Furthermore, we calculated all models using quartiles instead of splines for the variable BMI (displayed in the supplementary material). We also performed a sensitivity analysis by calculating a COX model for the outcome ‘cancer mortality’ and including only cases with a follow-up time of two years and more (also excluding deaths within the first 2 years). Finally, we tested for an interaction between smoking and BMI, as suggested by a previous publication and calculated all COX regression models separately for smokers, ex-smokers and never smokers.
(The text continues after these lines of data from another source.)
lemma gen_ideal_subset_ideal:
  assumes P: "is_ideal R P" and "D \<subseteq> R" "S \<subseteq> P"
  shows "gen_ideal D S \<subseteq> P"
proof
  fix x assume "x \<in> gen_ideal D S"
  then obtain c where x: "x = (\<Sum>s\<in>S. c s * s)" and c: "\<forall>s\<in>S. c s \<in> D"
    unfolding gen_ideal_def by blast
  have "c s * s \<in> P" if "s \<in> S" for s
    using P c that assms(2,3) unfolding is_ideal_def by blast
  then show "x \<in> P" unfolding x by (rule ideal_sum[OF P])
qed

lemma gen_ideal_subset: "is_subring R \<Longrightarrow> S \<subseteq> R \<Longrightarrow> gen_ideal R S \<subseteq> R"
  using gen_ideal_subset_ideal[OF subring_is_ideal] by blast

lemma gen_ideal_generator:
  assumes R: "is_subring R" and "finite S" "x \<in> S"
  shows "x \<in> gen_ideal R S"
proof -
  define c where "c s = (if s = x then 1 else 0 :: 'a)" for s
  have "(\<Sum>s\<in>S. c s * s) = (\<Sum>s\<in>S. if s = x then x else 0)"
    by (rule sum.cong) (auto simp: c_def)
  also have "\<dots> = x" using assms(2,3) by simp
  finally have "(\<Sum>s\<in>S. c s * s) = x" .
  moreover have "\<forall>s\<in>S. c s \<in> R" using R by (auto simp: c_def is_subring_def)
  ultimately show ?thesis unfolding gen_ideal_def by force
qed

lemma gen_ideal_nonzero_generator:
  assumes R: "is_subring R" and "gen_ideal R S \<noteq> {0}"
  shows "\<exists>s\<in>S. s \<noteq> 0"
proof (rule ccontr)
  assume "\<not> ?thesis"
  then have "gen_ideal R S \<subseteq> {0}" unfolding gen_ideal_def by (auto intro: sum.neutral)
  moreover have "0 \<in> gen_ideal R S"
    using R unfolding gen_ideal_def is_subring_def by (auto intro!: exI[of _ "\<lambda>_. 0"])
  ultimately show False using assms(2) by blast
qed

lemma colon_gen_ideal:
  assumes R: "is_subring R" and w: "\<And>s. s \<in> S \<Longrightarrow> w * s \<in> R"
  shows "w \<in> colon R (gen_ideal R S)"
  unfolding colon_def
proof (intro CollectI ballI)
  fix j assume "j \<in> gen_ideal R S"
  then obtain c where j: "j = (\<Sum>s\<in>S. c s * s)" and c: "\<forall>s\<in>S. c s \<in> R"
    unfolding gen_ideal_def by blast
  have "w * j = (\<Sum>s\<in>S. c s * (w * s))"
    unfolding j by (simp add: sum_distrib_left algebra_simps)
  also have "\<dots> \<in> R"
    using R c w by (intro subring_sum) (auto simp: is_subring_def)
  finally show "w * j \<in> R" .
qed

lemma v_closure_subset:
  assumes "is_subring R" "J \<subseteq> R"
  shows "v_closure R J \<subseteq> R"
proof
  fix x assume "x \<in> v_closure R J"
  moreover have "1 \<in> colon R J" using assms unfolding colon_def by auto
  ultimately have "x * 1 \<in> R" unfolding v_closure_def colon_def by blast
  then show "x \<in> R" by simp
qed

lemma subset_v_closure: "J \<subseteq> v_closure R J"
  unfolding v_closure_def colon_def by (auto simp: mult.commute)

lemma zero_in_v_closure: "is_subring R \<Longrightarrow> 0 \<in> v_closure R J"
  unfolding v_closure_def colon_def is_subring_def by auto

lemma v_closure_subset_t_closure:
  assumes "finite S" "S \<subseteq> Q" "gen_ideal R S \<noteq> {0}"
  shows "v_closure R (gen_ideal R S) \<subseteq> t_closure R Q"
  unfolding t_closure_def using assms by blast

lemma subset_t_closure:
  assumes R: "is_subring R" and "Q \<noteq> {0}"
  shows "Q \<subseteq> t_closure R Q"
proof
  fix x assume x: "x \<in> Q"
  obtain s where s: "s \<in> Q" "s \<noteq> 0" and xs: "x \<in> v_closure R (gen_ideal R {s})"
  proof (cases "x = 0")
    case True
    obtain s where "s \<in> Q" "s \<noteq> 0" using \<open>Q \<noteq> {0}\<close> x by blast
    with that show ?thesis using True zero_in_v_closure[OF R] by blast
  next
    case False
    then show ?thesis
      using that x gen_ideal_generator[OF R, of "{x}" x] subset_v_closure by blast
  qed
  have "gen_ideal R {s} \<noteq> {0}" using gen_ideal_generator[OF R, of "{s}" s] s(2) by auto
  then show "x \<in> t_closure R Q" using v_closure_subset_t_closure[of "{s}" Q R] s(1) xs by blast
qed

lemma t_idealI:
  assumes "is_subring R" "Q \<noteq> {0} \<Longrightarrow> t_closure R Q \<subseteq> Q"
  shows "is_t_ideal R Q"
  using subset_t_closure[OF assms(1)] assms(2) unfolding is_t_ideal_def by blast

lemma t_ideal_v_closure:
  assumes R: "is_subring R" and P: "is_t_ideal R P"
    and S: "finite S" "S \<subseteq> P" "gen_ideal R S \<noteq> {0}"
  shows "v_closure R (gen_ideal R S) \<subseteq> P"
proof -
  have "P \<noteq> {0}" using gen_ideal_nonzero_generator[OF R S(3)] S(2) by blast
  then have "P = t_closure R P" using P unfolding is_t_ideal_def by blast
  then show ?thesis using v_closure_subset_t_closure[OF S] by blast
qed

lemma zero_t_prime:
  assumes R: "is_subring R"
  shows "is_t_prime R {0}"
  using R unfolding is_t_prime_def is_prime_ideal_def is_t_ideal_def is_ideal_def is_subring_def
  by auto

section \<open>Localizations and valuation domains\<close>

lemma localization_memI:
  assumes "x * s \<in> R" "s \<in> R" "s \<notin> P" "s \<noteq> 0"
  shows "x \<in> localization R P"
proof -
  have "x = (x * s) / s" using assms(4) by simp
  then show ?thesis using assms(1-3) unfolding localization_def by blast
qed

lemma subset_localization:
  assumes R: "is_subring R" and P: "is_prime_ideal R P"
  shows "R \<subseteq> localization R P"
  using R prime_ideal_one[OF P] by (auto simp: is_subring_def intro: localization_memI[of _ 1])

lemma inverse_in_localization_iff:
  assumes R: "is_subring R" and P: "is_prime_ideal R P" and x: "x \<in> R" "x \<noteq> 0"
  shows "inverse x \<in> localization R P \<longleftrightarrow> x \<notin> P"
proof
  assume "inverse x \<in> localization R P"
  then obtain a s where as: "a \<in> R" "s \<in> R" "s \<notin> P" "inverse x = a / s"
    unfolding localization_def by blast
  have "s \<noteq> 0" using as(3) prime_ideal_zero[OF P] by auto
  then have "s = a * x" using as(4) x(2) by (simp add: field_simps)
  then show "x \<notin> P"
    using as(1,3) P unfolding is_prime_ideal_def is_ideal_def by auto
next
  assume "x \<notin> P"
  then show "inverse x \<in> localization R P"
    using R x by (intro localization_memI[of _ x]) (auto simp: is_subring_def)
qed

lemma localization_contraction:
  assumes D: "is_subring D" and R: "is_subring R" and DR: "D \<subseteq> R"
    and P: "is_prime_ideal D P" and Q: "is_prime_ideal R Q"
    and eq: "localization R Q = localization D P"
  shows "P = Q \<inter> D"
proof -
  have "x \<in> P \<longleftrightarrow> x \<in> Q" if x: "x \<in> D" for x
  proof (cases "x = 0")
    case True
    then show ?thesis using prime_ideal_zero[OF P] prime_ideal_zero[OF Q] by simp
  next
    case False
    have "x \<in> P \<longleftrightarrow> inverse x \<notin> localization D P"
      using inverse_in_localization_iff[OF D P x False] by blast
    also have "\<dots> \<longleftrightarrow> x \<in> Q"
      using inverse_in_localization_iff[OF R Q _ False] x DR eq by auto
    finally show ?thesis .
  qed
  moreover have "P \<subseteq> D" using P unfolding is_prime_ideal_def is_ideal_def by blast
  ultimately show ?thesis by blast
qed

lemma valuation_common_divisor:
  assumes V: "is_valuation_domain V" and "finite S" "S \<subseteq> V" "\<exists>s\<in>S. s \<noteq> 0"
  shows "\<exists>g\<in>S. g \<noteq> 0 \<and> (\<forall>s\<in>S. s / g \<in> V)"
  using assms(2-4)
proof (induction S rule: finite_induct)
  case empty
  then show ?case by simp
next
  case (insert x F)
  have V01: "0 \<in> V" "1 \<in> V" and Vmult: "\<And>u v. u \<in> V \<Longrightarrow> v \<in> V \<Longrightarrow> u * v \<in> V"
    using V unfolding is_valuation_domain_def is_subring_def by auto
  show ?case
  proof (cases "\<exists>s\<in>F. s \<noteq> 0")
    case False
    then show ?thesis using insert.prems V01 by auto
  next
    case True
    then obtain g where g: "g \<in> F" "g \<noteq> 0" "\<forall>s\<in>F. s / g \<in> V" using insert by auto
    show ?thesis
    proof (cases "x / g \<in> V")
      case True
      then show ?thesis using g by auto
    next
      case False
      then have "x \<noteq> 0" using V01 by auto
      have "x / g \<in> quot_field V" using insert.prems g \<open>x \<noteq> 0\<close> unfolding quot_field_def by blast
      then have "g / x \<in> V"
        using V False g(2) \<open>x \<noteq> 0\<close> unfolding is_valuation_domain_def by (metis divide_eq_0_iff inverse_divide)
      have "s / x \<in> V" if "s \<in> F" for s
      proof -
        have "s / x = (s / g) * (g / x)" using g(2) by simp
        then show ?thesis using Vmult g(3) that \<open>g / x \<in> V\<close> by metis
      qed
      then show ?thesis using \<open>x \<noteq> 0\<close> V01 by auto
    qed
  qed
qed

lemma common_denominator:
  assumes R: "is_subring R" and P: "is_prime_ideal R P"
    and "finite S" "S \<subseteq> localization R P"
  shows "\<exists>t\<in>R. t \<notin> P \<and> (\<forall>s\<in>S. t * s \<in> R)"
  using assms(3,4)
proof (induction S rule: finite_induct)
  case empty
  then show ?case using R prime_ideal_one[OF P] unfolding is_subring_def by blast
next
  case (insert x F)
  obtain t where t: "t \<in> R" "t \<notin> P" "\<forall>s\<in>F. t * s \<in> R" using insert by auto
  obtain a u where au: "a \<in> R" "u \<in> R" "u \<notin> P" "x = a / u"
    using insert.prems unfolding localization_def by blast
  have "u \<noteq> 0" using au(3) prime_ideal_zero[OF P] by auto
  have "t * u \<in> R" "t * u \<notin> P"
    using t au P R unfolding is_prime_ideal_def is_subring_def by auto
  moreover have "t * u * x \<in> R" using au t(1) R \<open>u \<noteq> 0\<close> by (simp add: is_subring_def)
  moreover have "t * u * s \<in> R" if "s \<in> F" for s
  proof -
    have "t * u * s = (t * s) * u" by (simp add: algebra_simps)
    then show ?thesis using t(3) that au(2) R unfolding is_subring_def by metis
  qed
  ultimately show ?case by blast
qed

lemma valuation_prime_v_closure:
  assumes R: "is_subring R" and P: "is_prime_ideal R P"
    and V: "is_valuation_domain (localization R P)"
    and S: "finite S" "S \<subseteq> P" "gen_ideal R S \<noteq> {0}"
    and z: "z \<in> v_closure R (gen_ideal R S)"
  shows "z \<in> P"
proof -
  have PR: "P \<subseteq> R" using P unfolding is_prime_ideal_def is_ideal_def by blast
  obtain g where g: "g \<in> S" "g \<noteq> 0" "\<forall>s\<in>S. s / g \<in> localization R P"
    using valuation_common_divisor[OF V S(1)] S(2) PR subset_localization[OF R P]
      gen_ideal_nonzero_generator[OF R S(3)] by blast
  obtain t where t: "t \<in> R" "t \<notin> P" "\<forall>s\<in>S. t * (s / g) \<in> R"
    using common_denominator[OF R P, of "(\<lambda>s. s / g) ` S"] S(1) g(3) by auto
  have "t / g \<in> colon R (gen_ideal R S)"
    using t(3) by (intro colon_gen_ideal[OF R]) (simp add: mult.commute)
  then have "z * (t / g) \<in> R" using z unfolding v_closure_def colon_def by blast
  then have "z * (t / g) * g \<in> P"
    using g(1) S(2) P unfolding is_prime_ideal_def is_ideal_def by blast
  then have "z * t \<in> P" using g(2) by simp
  moreover have "z \<in> R" using v_closure_subset[OF R gen_ideal_subset[OF R]] S(2) PR z by blast
  ultimately show "z \<in> P" using t(1,2) P unfolding is_prime_ideal_def by blast
qed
All statistical analyses were carried out with the R program version 4.3.2. A p value of < 0.05 was considered as statistically significant.

Results

Baseline characteristics of the study sample were displayed in table 1. The mean age was 63.7 (11.1) years and 73.3 % of all patients were male. During the observation period of up to ten years, 2,770 deaths were recorded among the 10,651 AMI patients. In total, 1,435 (51.8 %) deaths were attributed to CVD, 1,042 (37.6 %) to ischemic heart disease and 577 (20.8 %) to cancer. Elderly patients ≥75 years were less likely to die from cancer and had more comorbidities (diabetes, hypertension, impaired renal function) compared to AMI patients < 75 years. The percentage of current smokers decreased from 58.0 % among patients < 60 years to only 7.0 % in the group ≥ 75 years. PCI was performed in 70.5 % of all cases, with the highest frequency in the age group < 60 years and the lowest frequency among the elderly, aged ≥ 75 years.

Table 1.

Baseline characteristics of patients with and without diabetes. Categorical data presented as total numbers (%). Numeric data is presented as mean (SD) or median (IQR).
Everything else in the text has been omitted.